Copy nothing from the entries below except the lines from the one containing "is the Hamming" through the one containing "k C \<longleftrightarrow>", and copy those exactly.

[Dataset entries]
◇ ◇ ◇ ◇ ◇ ◇ ◇

(* Let $q$ be odd, let $n\ge3$ and $1\le b\le n-2$, and let $C_1,C_2$ be $[n,n-1]_q$-linear codes that are both $b$-symbol MDS codes. Suppose there exist $\mathbf{x}=(x_1,\dots,x_n)\in C_1\cap C_2$ and a hole $H\in\mathbb{H}(\chi_1(\mathbf{x}))$ such that $w_b(\mathbf{x})=d_b(C_1)$, $|H|\ge b-1$, and $\{1,n\}\cap H\ne\emptyset$. Then the $[2n,2n-2]_q$-linear code $C=\{[\mathbf{u}+\mathbf{v},\mathbf{u}-\mathbf{v}]:\mathbf{u}\in C_1,\mathbf{v}\in C_2\}$ is a $b$-symbol AMDS code, i.e., $d_b(C)=b+1$.
   Context: For $\mathbf{x}\in\mathbb{F}_q^L$ and $1\le b\le L$, $\chi_b(\mathbf{x})=\{i:(x_i,\dots,x_{i+b-1})\ne\mathbf{0}\}$ (indices mod $L$), $w_b(\mathbf{x})=|\chi_b(\mathbf{x})|$, $d_b(C)=\min_{\mathbf{0}\ne\mathbf{c}\in C}w_b(\mathbf{c})$; $\chi_1$ is the Hamming support. For $J\subseteq\{1,\dots,n\}$, a hole of $J$ of size $h\ge1$ is a set $\{a+1,\dots,a+h\}$ disjoint from $J$ (indices mod $n$) with $a,a+h+1\in J$; $\mathbb{H}(J)$ is the set of holes of $J$. An $[n,k]_q$-linear code $C$ is $b$-symbol MDS if $d_b(C)=\min\{n-k+b,n\}$ and $b$-symbol AMDS if $d_b(C)=\min\{n-k+b,n\}-1$. *)

theory Defs
  imports Complex_Main "HOL-Library.Function_Algebras"
begin

text \<open>Vectors of length L over a field are functions nat => 'a that vanish
  outside {0..<L}. Positions are 0-based: the paper's position i corresponds
  to index i-1 here.\<close>

definition fscale :: "'a::field \<Rightarrow> (nat \<Rightarrow> 'a) \<Rightarrow> (nat \<Rightarrow> 'a)" where
  "fscale c x = (\<lambda>i. c * x i)"

lemma vector_space_fscale: "vector_space (fscale :: 'a::field \<Rightarrow> _)"
  by unfold_locales (auto simp: fscale_def fun_eq_iff algebra_simps)

definition linear_code :: "nat \<Rightarrow> nat \<Rightarrow> (nat \<Rightarrow> 'a::field) set \<Rightarrow> bool" where
  "linear_code L k C \<longleftrightarrow>
     module.subspace fscale C \<and> (\<forall>x\<in>C. \<forall>i\<ge>L. x i = 0) \<and>
     vector_space.dim fscale C = k"

definition chi :: "nat \<Rightarrow> nat \<Rightarrow> (nat \<Rightarrow> 'a::zero) \<Rightarrow> nat set" where
  "chi L b x = {i. i < L \<and> (\<exists>j<b. x ((i + j) mod L) \<noteq> 0)}"

definition wb :: "nat \<Rightarrow> nat \<Rightarrow> (nat \<Rightarrow> 'a::zero) \<Rightarrow> nat" where
  "wb L b x = card (chi L b x)"

definition db :: "nat \<Rightarrow> nat \<Rightarrow> (nat \<Rightarrow> 'a::zero) set \<Rightarrow> nat" where
  "db L b C = Inf {wb L b c | c. c \<in> C \<and> c \<noteq> 0}"

definition holes :: "nat \<Rightarrow> nat set \<Rightarrow> nat set set" where
  "holes n J = {H. \<exists>a h. a < n \<and> h \<ge> 1 \<and>
      H = {(a + t) mod n | t. 1 \<le> t \<and> t \<le> h} \<and> H \<inter> J = {} \<and>
      a \<in> J \<and> (a + h + 1) mod n \<in> J}"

◇ ◇ ◇ ◇ ◇ ◇ ◇

_TASK ANSWER_
   Context: For $\mathbf{x}\in\mathbb{F}_q^L$ and $1\le b\le L$, $\chi_b(\mathbf{x})=\{i:(x_i,\dots,x_{i+b-1})\ne\mathbf{0}\}$ (indices mod $L$), $w_b(\mathbf{x})=|\chi_b(\mathbf{x})|$, $d_b(C)=\min_{\mathbf{0}\ne\mathbf{c}\in C}w_b(\mathbf{c})$; $\chi_1$ is the Hamming support. For $J\subseteq\{1,\dots,n\}$, a hole of $J$ of size $h\ge1$ is a set $\{a+1,\dots,a+h\}$ disjoint from $J$ (indices mod $n$) with $a,a+h+1\in J$; $\mathbb{H}(J)$ is the set of holes of $J$. An $[n,k]_q$-linear code $C$ is $b$-symbol MDS if $d_b(C)=\min\{n-k+b,n\}$ and $b$-symbol AMDS if $d_b(C)=\min\{n-k+b,n\}-1$. *)

theory Defs
  imports Complex_Main "HOL-Library.Function_Algebras"
begin

text \<open>Vectors of length L over a field are functions nat => 'a that vanish
  outside {0..<L}. Positions are 0-based: the paper's position i corresponds
  to index i-1 here.\<close>

definition fscale :: "'a::field \<Rightarrow> (nat \<Rightarrow> 'a) \<Rightarrow> (nat \<Rightarrow> 'a)" where
  "fscale c x = (\<lambda>i. c * x i)"

lemma vector_space_fscale: "vector_space (fscale :: 'a::field \<Rightarrow> _)"
  by unfold_locales (auto simp: fscale_def fun_eq_iff algebra_simps)

definition linear_code :: "nat \<Rightarrow> nat \<Rightarrow> (nat \<Rightarrow> 'a::field) set \<Rightarrow> bool" where
  "linear_code L k C \<longleftrightarrow>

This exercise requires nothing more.